Aged twelve, she was handed a stack of Voltaire plays by her father, who insisted “if she can’t read Voltaire, she can’t read anyone”. These lessons stuck. After studying at the École du Louvre and the Paris Conservatoire, Page emerged on stage in Jean-Louis Barrault’s 1943 abridgement of Paul Claudel’s verse epic The Satin Slipper, before becoming associated with the Théâtre National Populaire.
She made her film debut in the thriller Pas de pitié pour les femmes (No Pity for Women, 1950), but a bigger impression in Christian-Jaque’s Fanfan la tulipe (1952), where – as Madame de Pompadour – she bestowed the titular flower on Gérard Philipe’s swashbuckling hero after he rescues her from bandits.
Despite her cinematic travels, she remained close to France, where she’d made her home with businessman Jean-Claude Bujard, whom she married in 1959. Sporadic screen appearances followed: in Robert Altman’s Beyond Therapy (1987), Jean-Marc Barr’s Dogme drama Lovers (1999), and the movieland comedy Rien que du bonheur (2003), her final film role.

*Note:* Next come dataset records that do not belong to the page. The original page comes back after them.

text \<open>
  Induction on the distance \<open>\<parallel>uv\<parallel>\<close>, which is well founded because \<open>V\<close> is finite.
  If \<open>{u, v} \<in> S\<close> there is nothing to show. Otherwise Invariant 1 for the index of
  \<open>{u, v}\<close> yields edges \<open>{x\<^sub>1,y\<^sub>1}, \<dots>, {x\<^sub>l,y\<^sub>l}\<close> of \<open>S\<close> whose gaps \<open>u x\<^sub>1, y\<^sub>1 x\<^sub>2, \<dots>, y\<^sub>l v\<close>
  sum to less than \<open>\<parallel>uv\<parallel>\<close>; so every gap is shorter than \<open>\<parallel>uv\<parallel>\<close> and, by induction,
  is bridged by a walk of length at most \<open>(1 + \<epsilon>)\<close> times the gap. Concatenating these
  walks with the edges gives a walk of length at most the left-hand side of the
  invariant, which is below \<open>(1 + \<epsilon>) \<parallel>uv\<parallel>\<close>.
\<close>

lemma walk_length_Cons_Cons [simp]:
  "walk_length (a # b # ps) = dist a b + walk_length (b # ps)"
  unfolding walk_length_def by (simp del: sum.lessThan_Suc add: sum.lessThan_Suc_shift)

lemma walk_length_singleton [simp]: "walk_length [a] = 0"
  by (simp add: walk_length_def)

lemma is_walk_Cons_Cons [simp]:
  "is_walk S (a # b # ps) \<longleftrightarrow> {a, b} \<in> S \<and> is_walk S (b # ps)"
  unfolding is_walk_def by (auto simp: less_Suc_eq_0_disj)

lemma is_walk_singleton [simp]: "is_walk S [a]"
  by (simp add: is_walk_def)

lemma is_walk_append_tl:
  "is_walk S ps \<Longrightarrow> is_walk S qs \<Longrightarrow> last ps = hd qs \<Longrightarrow> is_walk S (ps @ tl qs)"
proof (induction ps rule: induct_list012)
  case 1
  then show ?case by (simp add: is_walk_def)
next
  case (2 x)
  then show ?case by (cases qs) (auto simp: is_walk_def)
next
  case (3 x y zs)
  then show ?case by auto
qed

lemma walk_length_append_tl:
  "ps \<noteq> [] \<Longrightarrow> qs \<noteq> [] \<Longrightarrow> last ps = hd qs \<Longrightarrow>
    walk_length (ps @ tl qs) = walk_length ps + walk_length qs"
proof (induction ps rule: induct_list012)
  case (2 x)
  then show ?case by (cases qs) auto
qed auto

By then, however, she was established as a doyenne of the Parisian stage, her reputation secured by a 1976 production of Hedda Gabler. She won a critics’ prize in the title role of the 1980 adaptation of Fassbinder’s The Bitter Tears of Petra von Kant; was Molière-nominated in 1996 as Madame Alexandra in Anouilh’s The Lark; and in 2011, aged 83, she played Agrippina in Racine’s Britannicus at the Figeac Theatre Festival, her final stage role.
Bujard died one month later; during a melancholy 2013 interview, Page confessed she was “not used to talking anymore” before quoting the poet Clément Marot: “I am no longer what I was, and I will never be able to be. My beautiful springtime and summer have jumped out the window.”
She is survived by her two children with Bujard, Thomas and Adélaïde.
Geneviève Page, born December 13, 1927, died February 14, 2025.